One of the most aggressive acts caught by Sentry Mode was in the case of a man who drove an ATV-style vehicle into a Tesla on March 25. Texas police identified the man as Demarqeyun Marquize Cox, arrested him and said he allegedly gave two other nearby Teslas the same treatment while also writing “Elon” on them. The public defender office representing Cox did not respond to a voicemail from the Daily Caller News Foundation.

Tesla cameras also caught three other people in FloridaTexas and Arizona keying and smearing bubble gum on the vehicles in March. The three suspects named by police do not have attorneys listed in county records available for contact.

Many of the vandalism cases since Trump’s return have reportedly caused thousands of dollars in damage for individual owners.
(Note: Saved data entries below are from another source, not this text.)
fun runs :: "bool \<Rightarrow> bool list \<Rightarrow> nat list" where
  "runs b [] = []"
| "runs b (x # xs) =
     (if x = b then
        (case runs b xs of
           [] \<Rightarrow> [1]
         | (r # rs) \<Rightarrow> (if xs \<noteq> [] \<and> hd xs = b then Suc r # rs else 1 # r # rs))
      else runs b xs)"

definition delta :: "bool list \<Rightarrow> nat list" where
  "delta w = runs False w"

end

(*
  A 132-avoiding permutation of [n] with n >= 1 is uniquely of the form (s + |t|) n t, where
  s in Av_k(132) and t in Av_(n-1-k)(132) for some k < n: every entry left of the maximum n must
  exceed every entry right of it.  A Dyck path of semilength n >= 1 is uniquely of the form
  U a D b, split at its first return to the axis.  Recursing along these two decompositions
  gives a bijection from Av_n(132) onto the Dyck paths of semilength n.

  Let asc(p) be the composition of lengths of the maximal ascending runs of p, so that
  asc(p) = alpha(Des p).  Both asc and delta combine in the same way under the two
  decompositions: the last part of the left piece grows by one (through n, resp. through the
  D step) and the composition of the right piece is appended.  Hence the bijection carries asc
  to delta, and since alpha is injective on subsets of [n-1] the fibres Des p = S and
  delta = alpha(S) correspond.
*)
theory Submission
  imports Defs
begin

section \<open>Compositions and ascending runs\<close>

definition inc_hd :: "nat list \<Rightarrow> nat list" where
  "inc_hd c = (case c of [] \<Rightarrow> [1] | r # rs \<Rightarrow> Suc r # rs)"

definition inc_last :: "nat list \<Rightarrow> nat list" where
  "inc_last c = (if c = [] then [1] else butlast c @ [Suc (last c)])"

lemma inc_hd_not_Nil [simp]: "inc_hd c \<noteq> []"
  by (auto simp: inc_hd_def split: list.splits)

lemma inc_hd_append: "c \<noteq> [] \<Longrightarrow> inc_hd (c @ d) = inc_hd c @ d"
  by (cases c) (auto simp: inc_hd_def)

lemma inc_last_Cons: "c \<noteq> [] \<Longrightarrow> inc_last (r # c) = r # inc_last c"
  by (auto simp: inc_last_def)

lemma inc_last_inc_hd: "c \<noteq> [] \<Longrightarrow> inc_last (inc_hd c) = inc_hd (inc_last c)"
  by (cases c; cases "tl c") (auto simp: inc_last_def inc_hd_def)

fun asc_runs :: "nat list \<Rightarrow> nat list" where
  "asc_runs [] = []"
| "asc_runs (x # xs) =
     (case xs of
        [] \<Rightarrow> [1]
      | y # _ \<Rightarrow> if x > y then 1 # asc_runs xs else inc_hd (asc_runs xs))"

lemma asc_runs_not_Nil: "xs \<noteq> [] \<Longrightarrow> asc_runs xs \<noteq> []"
  by (cases xs; cases "tl xs") auto

lemma asc_runs_snoc_greater:
  "\<forall>x\<in>set xs. x < v \<Longrightarrow> asc_runs (xs @ [v]) = inc_last (asc_runs xs)"
proof (induction xs)
  case Nil
  then show ?case by (simp add: inc_last_def)
next
  case (Cons x xs)
  show ?case
  proof (cases xs)
    case Nil
    with Cons show ?thesis by (simp add: inc_last_def inc_hd_def)
  next
    case (Cons y ys)
    have "asc_runs xs \<noteq> []" by (rule asc_runs_not_Nil) (simp add: Cons)
    with Cons.IH Cons.prems Cons show ?thesis
      by (simp add: inc_last_Cons inc_last_inc_hd)
  qed
qed

lemma asc_runs_append_descent:
  "ys = [] \<or> hd ys < v \<Longrightarrow> asc_runs (xs @ v # ys) = asc_runs (xs @ [v]) @ asc_runs ys"
proof (induction xs)
  case Nil
  then show ?case by (cases ys) auto
next
  case (Cons x xs)
  have "hd (xs @ v # ys) = hd (xs @ [v])" by (cases xs) auto
  moreover have "asc_runs (xs @ [v]) \<noteq> []" by (simp add: asc_runs_not_Nil)
  ultimately show ?case
    using Cons by (cases "xs @ v # ys"; cases "xs @ [v]") (auto simp: inc_hd_append)
qed

lemma asc_runs_append_max:
  assumes "\<forall>x\<in>set xs. x < v" and "\<forall>y\<in>set ys. y < v"
  shows "asc_runs (xs @ v # ys) = inc_last (asc_runs xs) @ asc_runs ys"
  using assms asc_runs_append_descent[of ys v xs] asc_runs_snoc_greater[of xs v] by (cases ys) auto

lemma asc_runs_map_add: "asc_runs (map (\<lambda>x. x + c) xs) = asc_runs xs"
  by (induction xs) (auto split: list.splits)

section \<open>Descent sets and their compositions\<close>

fun diffs :: "nat \<Rightarrow> nat list \<Rightarrow> nat list" where
  "diffs a [] = []"
| "diffs a (x # xs) = (x - a) # diffs x xs"

lemma nth_diffs: "i < length s \<Longrightarrow> diffs a s ! i = s ! i - (if i = 0 then a else s ! (i - 1))"
  by (induction s arbitrary: a i) (auto simp: nth_Cons')

lemma length_diffs [simp]: "length (diffs a s) = length s"
  by (induction s arbitrary: a) auto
For example, the bubble gum incident in Florida brought $2,623.66 in costs, while another keying incident in Minnesota brought $3,200.

Some reported attacks on Tesla vehicles and chargers have gotten the attention of federal law enforcement, including cases of alleged firebombing or shooting.

Two other suspected vandals in New York, one in Minnesota and one in Mississippi have reportedly avoided arrest for now — with one owner declining to press charges — but were all seen on the Teslas’ cameras scratching up the vehicles. Police identified the Mississippi suspect as an illegal migrant from Cuba.

One Tesla owner in North Dakota ridiculed a man who allegedly carved the letter “F” into his Cybertruck in a Costco parking lot — as seen on the Cybertruck’s camera. The defendant faces charges of criminal mischief, and county records say he is representing himself in court.

“I can’t believe this guy is potentially ruining his life to follow a political ideology,” the owner told WDAY News.

“If you’re going to vandalize these vehicles, you’re going to get caught,” the owner said.